ASI AIRのPlate Solveを試用中。

Plate Solve機能概要

Plate Solveの使い方はとても簡単。

撮像用カメラで数秒程度の露出で撮影し「Plate Solve」ボタンを押すだけ。速いときは数秒、遅い場合でも1分程度で、写野中心の赤緯・赤経座標を解決してくれる。

撮像カメラの焦点距離はあらかじめ仕様の値を設定するが、solve結果には実焦点距離の推測値も表示される。上の例はBKP130+F5コマコレだが、焦点距離は590mm前後と表示される。(設定では650mmにしている)
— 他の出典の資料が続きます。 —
(* For any convex body $K\subset\mathbb{R}^d$ with $o\in\mathrm{int}(K)$ and any $\lambda>0$, \[P(K,\lambda)\le(\lambda+1)^d\,\frac{\mathrm{vol}\bigl(\tfrac12(K-K)\bigr)}{\mathrm{vol}(K\cap-K)}.\]
   Context: A convex body is a compact convex set with non-empty interior. For a convex body $L$ with $o\in\mathrm{int}(L)$, $\|x\|_L=\inf\{\mu>0:x\in\mu L\}$. Both $K\cap -K$ and $\tfrac12(K-K)$ are $o$-symmetric convex bodies containing $o$ in their interior. $P(K,\lambda)$ is the maximum number of points $p_1,\dots,p_m$ in $\mathbb{R}^d$ such that \[\frac{\max\{\|p_i-p_j\|_{\frac12(K-K)}:1\le i<j\le m\}}{\min\{\|p_i-p_j\|_{K\cap-K}:1\le i<j\le m\}}\le\lambda.\] *)

theory Defs
  imports "HOL-Analysis.Analysis"
begin

definition convex_body :: "'a::euclidean_space set \<Rightarrow> bool" where
  "convex_body K \<longleftrightarrow> compact K \<and> convex K \<and> interior K \<noteq> {}"

definition gauge_norm :: "'a::euclidean_space set \<Rightarrow> 'a \<Rightarrow> real" where
  "gauge_norm L x = Inf {\<mu>. \<mu> > 0 \<and> x \<in> (\<lambda>y. \<mu> *\<^sub>R y) ` L}"

definition half_diff :: "'a::euclidean_space set \<Rightarrow> 'a set" where
  "half_diff K = (\<lambda>x. (1/2::real) *\<^sub>R x) ` {x - y | x y. x \<in> K \<and> y \<in> K}"

definition sym_inter :: "'a::euclidean_space set \<Rightarrow> 'a set" where
  "sym_inter K = K \<inter> uminus ` K"

text \<open>A finite point set S (distinct points p_1..p_m) is admissible for (K, lambda) if the
  maximal pairwise distance in the norm of half_diff K is at most lambda times the minimal
  pairwise distance in the norm of sym_inter K (vacuous for fewer than two points).\<close>
definition admissible :: "'a::euclidean_space set \<Rightarrow> real \<Rightarrow> 'a set \<Rightarrow> bool" where
  "admissible K lam S \<longleftrightarrow>
     (\<forall>p\<in>S. \<forall>q\<in>S. \<forall>r\<in>S. \<forall>s\<in>S. p \<noteq> q \<longrightarrow> r \<noteq> s \<longrightarrow>
        gauge_norm (half_diff K) (p - q) \<le> lam * gauge_norm (sym_inter K) (r - s))"

end

theory Submission
  imports Defs
begin

text \<open>Put \<open>C = K \<inter> -K\<close> and \<open>D = (K - K)/2\<close>, so that \<open>C \<subseteq> D\<close> are convex and \<open>C\<close> is symmetric.
  If the points of \<open>S\<close> have pairwise \<open>C\<close>-distance at least \<open>\<delta>\<close> and \<open>D\<close>-distance at most \<open>\<lambda>\<delta>\<close>, the
  open translates \<open>p + (\<delta>/2) int C\<close> are pairwise disjoint, so their union \<open>U\<close> has volume
  \<open>|S| (\<delta>/2)\<^sup>d vol C\<close>, while the midpoint set \<open>(U - U)/2\<close> lies in \<open>(\<lambda> + 1)(\<delta>/2) D\<close>. The
  Brunn-Minkowski inequality in the form \<open>min (vol A) (vol B) \<le> vol ((A + B)/2)\<close>, applied to
  \<open>A = U\<close> and \<open>B = -U\<close>, gives \<open>vol U \<le> ((\<lambda> + 1) \<delta>/2)\<^sup>d vol D\<close>. This form of Brunn-Minkowski
  is proved for finite unions of non-overlapping boxes by the Hadwiger-Ohmann cutting argument and
  extended to bounded open sets by inner approximation.\<close>

definition midpoints :: "'a::real_vector set \<Rightarrow> 'a set \<Rightarrow> 'a set" where
  "midpoints A B = (\<lambda>(x, y). (1/2::real) *\<^sub>R x + (1/2::real) *\<^sub>R y) ` (A \<times> B)"
(* Let $A$ be a unital $C^*$-algebra with a strongly continuous action $\sigma$ of $S^1$, and let $\mathcal A\subseteq A$ be a norm-dense unital $*$-subalgebra. Suppose $P_0(\mathcal A)\subseteq\mathcal A$ and that there exist finitely many $\zeta_1^R,\dots,\zeta_k^R\in\mathcal A\cap A_1$ and $\zeta_1^L,\dots,\zeta_m^L\in\mathcal A\cap A_1$ with $\sum_{j=1}^k\zeta_j^R(\zeta_j^R)^*=1=\sum_{j=1}^m(\zeta_j^L)^*\zeta_j^L$. Then for every $n\in\mathbb Z$: $P_n(\mathcal A)=\mathcal A_n:=\mathcal A\cap A_n$, and there exist finitely many $\zeta_{(n,1)},\dots,\zeta_{(n,m_n)}\in\mathcal A_n$ such that $\sum_{j=1}^{m_n}\zeta_{(n,j)}\zeta_{(n,j)}^*=1$. In particular, $\mathcal A_n$ is norm-dense in $A_n$ and has a finite frame.
   Context: $A_n:=\{a\in A:\sigma_\lambda(a)=\lambda^na\ \forall\lambda\in S^1\}$ and $P_n(a):=\frac1{2\pi}\int_0^{2\pi}e^{-itn}\sigma_{e^{it}}(a)dt$. $A_n$ is regarded as a right Hilbert $C^*$-module over $A_0$ with inner product $\langle a,b\rangle=a^*b$. A finite frame for $\mathcal A_n$ is a finite family $\zeta_1,\dots,\zeta_p\in\mathcal A_n$ with $\sum_j\zeta_j\zeta_j^*x=x$ for all $x\in\mathcal A_n$. *)

theory Defs
  imports "HOL-Analysis.Analysis"
begin

text \<open>A unital C*-algebra is modelled on a type 'a of class real_normed_algebra_1 and banach
  (complete normed real algebra with unit of norm 1), together with a complex scalar
  multiplication sc extending the real one and an involution st satisfying the C*-identity.\<close>

definition cstar_alg :: "(complex \<Rightarrow> 'a::{real_normed_algebra_1,banach} \<Rightarrow> 'a) \<Rightarrow> ('a \<Rightarrow> 'a) \<Rightarrow> bool" where
  "cstar_alg sc st \<longleftrightarrow>
     (\<forall>r x. sc (complex_of_real r) x = r *\<^sub>R x) \<and>
     (\<forall>c d x. sc (c * d) x = sc c (sc d x)) \<and>
     (\<forall>c x y. sc c (x + y) = sc c x + sc c y) \<and>
     (\<forall>c d x. sc (c + d) x = sc c x + sc d x) \<and>
     (\<forall>c x y. sc c (x * y) = sc c x * y \<and> sc c (x * y) = x * sc c y) \<and>
     (\<forall>c x. norm (sc c x) = cmod c * norm x) \<and>
     (\<forall>x. st (st x) = x) \<and>
     (\<forall>x y. st (x + y) = st x + st y) \<and>
     (\<forall>c x. st (sc c x) = sc (cnj c) (st x)) \<and>
     (\<forall>x y. st (x * y) = st y * st x) \<and>
     (\<forall>x. norm (st x * x) = (norm x)\<^sup>2)"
「Sync Mount」ボタンを押すと位置情報が架台に反映され、SkySafariにも反映される。

Plate Solveのキラーな使い方

Plate Solveが生きるのはベランダでの極軸適当、アライメント適当の状態での撮影。

  1. 極軸をだいたい北に向けて設置
  2. 赤道儀電源ON
  3. アライメント(1星でも3星でも、アライメントなしでも)
  4. 対象にだいたい望遠鏡を向ける
  5. 1コマ撮像、Plate Solve、架台に反映
  6. SkySafariで対象を指定してGOTO→アライメントをしていないとこのときに少し誤差が出る
  7. 1コマ撮像、Plate Solve、架台に反映→もう一度Plate Solveすることでほぼ正確な値に(*)
  8. SkySafariで再度対象を指定してGOTO

この手順で、ほぼ何も考えずベランダでも対象を導入できる。これは革命的にすばらしい。ただし、細かくはまだ未検証の課題あり。
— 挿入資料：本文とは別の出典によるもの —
lemma IVT_opposite_signs:
  fixes f :: "real \<Rightarrow> real"
  assumes "a \<le> b" "continuous_on {a..b} f" "f a * f b < 0"
  shows "\<exists>z\<in>{a<..<b}. f z = 0"
proof -
  obtain z where "z \<in> {a..b}" "f z = 0"
  proof (cases "f a < 0")
    case True
    with assms have "f b > 0" by (simp add: mult_less_0_iff)
    with True assms that show ?thesis using IVT'[of f a 0 b] by force
  next
    case False
    with assms have "f a > 0" "f b < 0" by (auto simp: mult_less_0_iff)
    with assms that show ?thesis using IVT2'[of f b 0 a] by force
  qed
  moreover have "z \<noteq> a" "z \<noteq> b" using assms \<open>f z = 0\<close> by auto
  ultimately show ?thesis by auto
qed

lemma zero_sum_extension:
  fixes v :: "nat \<Rightarrow> real"
  assumes "N \<ge> 1"
  shows "\<exists>w. (\<Sum>j=1..N. w j) = 0 \<and> (\<forall>j. 1 \<le> j \<longrightarrow> j < N \<longrightarrow> w j = v j)"
proof -
  obtain n where n: "N = Suc n" using assms by (cases N) auto
  define w where "w = v(N := - (\<Sum>j=1..n. v j))"
  have "(\<Sum>j=1..n. w j) = (\<Sum>j=1..n. v j)"
    by (rule sum.cong) (auto simp: w_def n)
  then have "(\<Sum>j=1..N. w j) = 0"
    by (simp add: n sum.cl_ivl_Suc w_def)
  moreover have "\<forall>j. 1 \<le> j \<longrightarrow> j < N \<longrightarrow> w j = v j"
    by (simp add: w_def)
  ultimately show ?thesis by blast
qed

section \<open>Closure properties of smooth functions\<close>

definition smooth_upto :: "nat \<Rightarrow> (real \<Rightarrow> real) \<Rightarrow> bool" where
  "smooth_upto n f \<longleftrightarrow> (\<forall>m\<le>n. \<forall>x. (deriv ^^ m) f differentiable (at x))"

lemma smooth_fun_iff_smooth_upto: "smooth_fun f \<longleftrightarrow> (\<forall>n. smooth_upto n f)"
  unfolding smooth_fun_def smooth_upto_def by auto

lemma funpow_deriv_Suc: "(deriv ^^ Suc m) f = (deriv ^^ m) (deriv f)"
  by (rule funpow_Suc_right[THEN fun_cong, unfolded o_def])

lemma smooth_upto_0: "smooth_upto 0 f \<longleftrightarrow> (\<forall>x. f differentiable (at x))"
  unfolding smooth_upto_def by auto

lemma smooth_upto_Suc:
  "smooth_upto (Suc n) f \<longleftrightarrow> (\<forall>x. f differentiable (at x)) \<and> smooth_upto n (deriv f)"
proof -
  have "(\<forall>m\<le>Suc n. P m) \<longleftrightarrow> P 0 \<and> (\<forall>m\<le>n. P (Suc m))" for P
    by (metis Suc_le_mono le0 not0_implies_Suc)
  then show ?thesis
    unfolding smooth_upto_def by (simp only: funpow_deriv_Suc funpow_0)
qed

lemma smooth_upto_SucD:
  assumes "smooth_upto (Suc n) f"
  shows "f differentiable (at x)" "smooth_upto n f" "smooth_upto n (deriv f)"
proof -
  show "smooth_upto n f" using assms by (simp add: smooth_upto_def)
qed (use assms in \<open>simp_all add: smooth_upto_Suc\<close>)

lemma smooth_upto_differentiable: "smooth_upto n f \<Longrightarrow> f differentiable (at x)"
  by (metis smooth_upto_def funpow_0 le0)

lemma smooth_upto_const: "smooth_upto n (\<lambda>x. c)"
  by (induction n arbitrary: c) (simp_all add: smooth_upto_0 smooth_upto_Suc)

lemma smooth_upto_ident: "smooth_upto n (\<lambda>x. x)"
proof (cases n)
  case (Suc m)
  have "deriv (\<lambda>x::real. x) = (\<lambda>x. 1)" by (rule deriv_eqI) auto
  then show ?thesis using Suc by (simp add: smooth_upto_Suc smooth_upto_const)
qed (simp add: smooth_upto_0)

lemma smooth_upto_add: "smooth_upto n f \<Longrightarrow> smooth_upto n g \<Longrightarrow> smooth_upto n (\<lambda>x. f x + g x)"
proof (induction n arbitrary: f g)
  case (Suc n)
  note f = smooth_upto_SucD[OF Suc.prems(1)] and g = smooth_upto_SucD[OF Suc.prems(2)]
  have "deriv (\<lambda>x. f x + g x) = (\<lambda>x. deriv f x + deriv g x)"
    by (rule deriv_eqI) (intro DERIV_add has_real_derivative_deriv f g)
  then show ?case using Suc.IH f g by (simp add: smooth_upto_Suc)
qed (simp add: smooth_upto_0)

lemma smooth_upto_mult: "smooth_upto n f \<Longrightarrow> smooth_upto n g \<Longrightarrow> smooth_upto n (\<lambda>x. f x * g x)"
proof (induction n arbitrary: f g)
  case (Suc n)
  note f = smooth_upto_SucD[OF Suc.prems(1)] and g = smooth_upto_SucD[OF Suc.prems(2)]
  have "deriv (\<lambda>x. f x * g x) = (\<lambda>x. deriv f x * g x + f x * deriv g x)"
    by (rule deriv_eqI, rule DERIV_cong[OF DERIV_mult]) (auto intro: has_real_derivative_deriv f g)
  then show ?case using Suc.IH f g by (simp add: smooth_upto_Suc smooth_upto_add)
qed (simp add: smooth_upto_0)

lemma smooth_upto_compose: "smooth_upto n f \<Longrightarrow> smooth_upto n g \<Longrightarrow> smooth_upto n (\<lambda>x. f (g x))"
proof (induction n arbitrary: f g)
  case 0
  then show ?case
    by (auto simp: smooth_upto_0 intro: differentiable_chain_at[unfolded o_def])
next
  case (Suc n)
  note f = smooth_upto_SucD[OF Suc.prems(1)] and g = smooth_upto_SucD[OF Suc.prems(2)]
  have "deriv (\<lambda>x. f (g x)) = (\<lambda>x. deriv f (g x) * deriv g x)"
    by (rule deriv_eqI) (rule DERIV_chain2[OF has_real_derivative_deriv has_real_derivative_deriv]; fact)
  moreover have "(\<lambda>x. f (g x)) differentiable (at x)" for x
    using differentiable_chain_at[OF g(1) f(1)] by (simp add: o_def)
  ultimately show ?case using Suc.IH f g by (simp add: smooth_upto_Suc smooth_upto_mult)
qed

lemma smooth_upto_inverse:
  "smooth_upto n f \<Longrightarrow> (\<And>x. f x \<noteq> 0) \<Longrightarrow> smooth_upto n (\<lambda>x. inverse (f x))"
proof (induction n arbitrary: f)
  case 0
  then show ?case by (simp add: smooth_upto_0)
next
  case (Suc n)
  note f = smooth_upto_SucD[OF Suc.prems(1)]
  have df: "((\<lambda>x. inverse (f x)) has_real_derivative - deriv f x * inverse (f x) * inverse (f x)) (at x)" for x
    using DERIV_inverse_fun[OF has_real_derivative_deriv[OF f(1)] Suc.prems(2)]
    by (simp add: power2_eq_square mult.assoc)
  have "smooth_upto n (\<lambda>x. - 1 * deriv f x * inverse (f x) * inverse (f x))"
    using Suc.IH[OF f(2) Suc.prems(2)] f(3)
    by (intro smooth_upto_mult smooth_upto_const)
  then show ?case
    using f(1) Suc.prems(2) by (simp add: smooth_upto_Suc deriv_eqI[OF df])
qed

lemma smooth_fun_const: "smooth_fun (\<lambda>x. c)"
  by (simp add: smooth_fun_iff_smooth_upto smooth_upto_const)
  • EQ5の場合、アライメントを全くせずクランプフリーで対象に向けると、Syncしても架台の向きがSkySafariに反映されないことがあった。原因は不明。一度GOTOすれば同期したが・・
  • SynScanコントローラが表示する赤緯赤経は、PlateSolve結果ともAIRのtelescopeメニューで表示される結果とも一致しない。
  • AIRの起動に失敗する(connectできない)ことがたびたびあった。全て電源OFF/再起動で復帰した。
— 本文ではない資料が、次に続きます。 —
theorem successful_iterations_bound:
  "finite S \<and> real (card S) \<le> of_int \<lfloor>4 * (f (x 0) - flow) / \<eta> *
     radius_curvature_const \<delta>0 \<gamma>1 \<eta> LH * tolerance_const eg eH\<rfloor> + 1"
proof -
  have S: "finite S \<and> card S \<le> 2 * card large_decrease + 1"
  proof (rule card_le_double_of_next_in)
    show "finite large_decrease"
      using large_decrease_count by blast
  qed (simp_all add: large_decrease_subset next_success_large_decrease)
  have "0 < radius_curvature_const \<delta>0 \<gamma>1 \<eta> LH" "0 < tolerance_const eg eH"
    using LH_nonneg eH by (simp_all add: radius_curvature_const_pos tolerance_const_pos)
  moreover have "real (card large_decrease) * decrease_threshold \<le> f (x 0) - flow"
    using large_decrease_count by blast
  ultimately have "real (2 * card large_decrease) \<le> 4 * (f (x 0) - flow) / \<eta> *
     radius_curvature_const \<delta>0 \<gamma>1 \<eta> LH * tolerance_const eg eH"
    using \<eta> by (simp add: decrease_threshold_def field_simps)
  then have "real (2 * card large_decrease) \<le> of_int \<lfloor>4 * (f (x 0) - flow) / \<eta> *
     radius_curvature_const \<delta>0 \<gamma>1 \<eta> LH * tolerance_const eg eH\<rfloor>"
    by (metis le_floor_iff of_int_of_nat_eq of_int_le_iff)
  with S show ?thesis
    by linarith
qed

end

theorem lemma2p4:
  fixes f :: "real^'n \<Rightarrow> real"
    and g :: "real^'n \<Rightarrow> real^'n"
    and H :: "real^'n \<Rightarrow> real^'n^'n"
    and U :: "(real^'n) set"
    and x s :: "nat \<Rightarrow> real^'n"
    and \<delta> :: "nat \<Rightarrow> real"
    and eg eH \<gamma>1 \<gamma>2 \<psi> \<delta>0 \<delta>max \<eta> flow Lg LH :: real
    and K S :: "nat set"
    and \<rho> :: "nat \<Rightarrow> real"
  assumes eg: "eg > 0" and eH: "eH > 0"
    and \<gamma>1: "0 < \<gamma>1" "\<gamma>1 < 1" and \<gamma>2: "1 \<le> \<gamma>2"
    and \<psi>: "1 / \<gamma>2 < \<psi>" "\<psi> \<le> 1"
    and \<delta>0: "\<delta>0 > 0" and \<delta>max: "\<delta>max \<ge> \<delta>0"
    and \<eta>: "0 < \<eta>" "\<eta> < 1"
    and init: "\<delta> 0 = \<delta>0"
    and K_def: "K = {k. \<forall>j\<le>k. \<not> stationary g H eg eH (x j)}"
    and \<rho>_def: "\<And>k. \<rho> k = (f (x k) - f (x k + s k)) /
                    (tr_model f g H (x k) (x k) - tr_model f g H (x k) (x k + s k))"
    and S_def: "S = {k \<in> K. \<rho> k \<ge> \<eta>}"
    and step_feas: "\<And>k. k \<in> K \<Longrightarrow> norm (s k) \<le> \<delta> k"
    and step_opt: "\<And>k t. k \<in> K \<Longrightarrow> norm t \<le> \<delta> k \<Longrightarrow>
         tr_model f g H (x k) (x k + s k) + (1/2) * eH * (norm (s k))\<^sup>2
           \<le> tr_model f g H (x k) (x k + t) + (1/2) * eH * (norm t)\<^sup>2"
    and succ: "\<And>k. k \<in> K \<Longrightarrow> \<rho> k \<ge> \<eta> \<Longrightarrow>
         x (Suc k) = x k + s k \<and>
         \<delta> (Suc k) = (if norm (s k) \<ge> \<psi> * \<delta> k then min (\<gamma>2 * \<delta> k) \<delta>max else \<delta> k)"
    and unsucc: "\<And>k. k \<in> K \<Longrightarrow> \<rho> k < \<eta> \<Longrightarrow>
         x (Suc k) = x k \<and> \<delta> (Suc k) = \<gamma>1 * norm (s k)"
    and low: "\<And>k. (\<forall>j<k. j \<in> K) \<Longrightarrow> flow \<le> f (x k)"
    and U_open: "open U"
    and segs: "\<And>k. k \<in> K \<Longrightarrow> closed_segment (x k) (x k + s k) \<subseteq> U"
    and f_deriv: "\<And>y. y \<in> U \<Longrightarrow> (f has_derivative (\<lambda>h. g y \<bullet> h)) (at y)"
    and g_deriv: "\<And>y. y \<in> U \<Longrightarrow> (g has_derivative (\<lambda>h. H y *v h)) (at y)"
    and H_cont: "continuous_on U H"
    and Lg: "Lg > 0" and LH: "LH > 0"
    and g_lip: "\<And>y z. y \<in> U \<Longrightarrow> z \<in> U \<Longrightarrow> norm (g y - g z) \<le> Lg * norm (y - z)"
    and H_lip: "\<And>y z. y \<in> U \<Longrightarrow> z \<in> U \<Longrightarrow>
         onorm (\<lambda>v. (H y - H z) *v v) \<le> LH * norm (y - z)"
  shows "finite S \<and>
    real (card S) \<le>
      of_int \<lfloor>(4 * (f (x 0) - flow) / \<eta>) *
                 max (1 / \<delta>0\<^sup>2) (max (LH\<^sup>2 / (9 * \<gamma>1\<^sup>2 * (1 - \<eta>)\<^sup>2)) (1 + 2 * LH)) *
                 max (1 / eH) (max (eH / eg\<^sup>2) (1 / eH ^ 3))\<rfloor> + 1"
proof -
  have "0 \<le> LH"
    using LH by simp
  interpret tr_newton_run f g H U LH x s \<delta> eg eH \<gamma>1 \<gamma>2 \<psi> \<delta>0 \<delta>max \<eta> flow K S \<rho>
    by unfold_locales (fact assms \<open>0 \<le> LH\<close>)+
  show ?thesis
    using successful_iterations_bound unfolding radius_curvature_const_def tolerance_const_def .
qed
逆に、極軸が正確に合っていてアライメントも正確な場合は、Plate Solveのありがたみは若干減る。

Plate Solveの微少な「ずれ」について

11/14  追記)

バージョン1.0.7(β)で改修されていることを確認。2分角ほどずれているが、実用上も十二分な精度。すばらしい。

10/30 15:14 追記)

本事象について、次期バージョンで改修予定であるとの回答がZWO社より得られています。

Plate Solveの結果がいつもほんのわずか「微妙に」同じ方向にずれている。下の画像は換算1200mmでオリオン座のM42トラペジウムをPlate Solveの結果をもとに導入した画像。

ずれは角度で数分角程度。同じ対象の場合、かならず同じ方向に同じ量だけずれている。一般的な赤道儀での自動導入の精度としては十分だが、やっぱりぴったりど真ん中に入ってほしいもの。この原因を現在調査・照会中。

トラペジウムでPalte SolveしGOTOした状態。焦点距離650mm、ASI294MC。換算焦点距離1300mm。この状態で再度Plate SolveしてSync、GOTOしても同じ場所を指す。


まずPlate Solveの結果が正しいのかを調べた(複数サンプル)。結論から言って正しい。ちなみに、Solve 結果の画面に表示される赤緯赤経は2000年分点の値だった。

一方で、SyncMount後SkySafariで見ると、2000年分点で解決された座標値が「Current epoch(2018年分点)」の値として表示されている。どこに問題があるのかは不明だが、現象から推測するとPlate Solveで「2000年分点」で算出された結果が、どこかの過程で2018年分点として扱われているように見える。つまり歳差の分ずれている。

この現象は現在ZWOに照会中。新しい情報が入手できたら更新予定。

https://www.facebook.com/groups/ASIAIR/permalink/1186452224851332/

 

10/30 15:14 追記)

この現象はバグで次期バージョンで改修されるとのこと!これでほぼ完璧な自動導入システムが実現することになる。すばらしい。

 

この記事は個人の感想です。正確性は一切保証できません。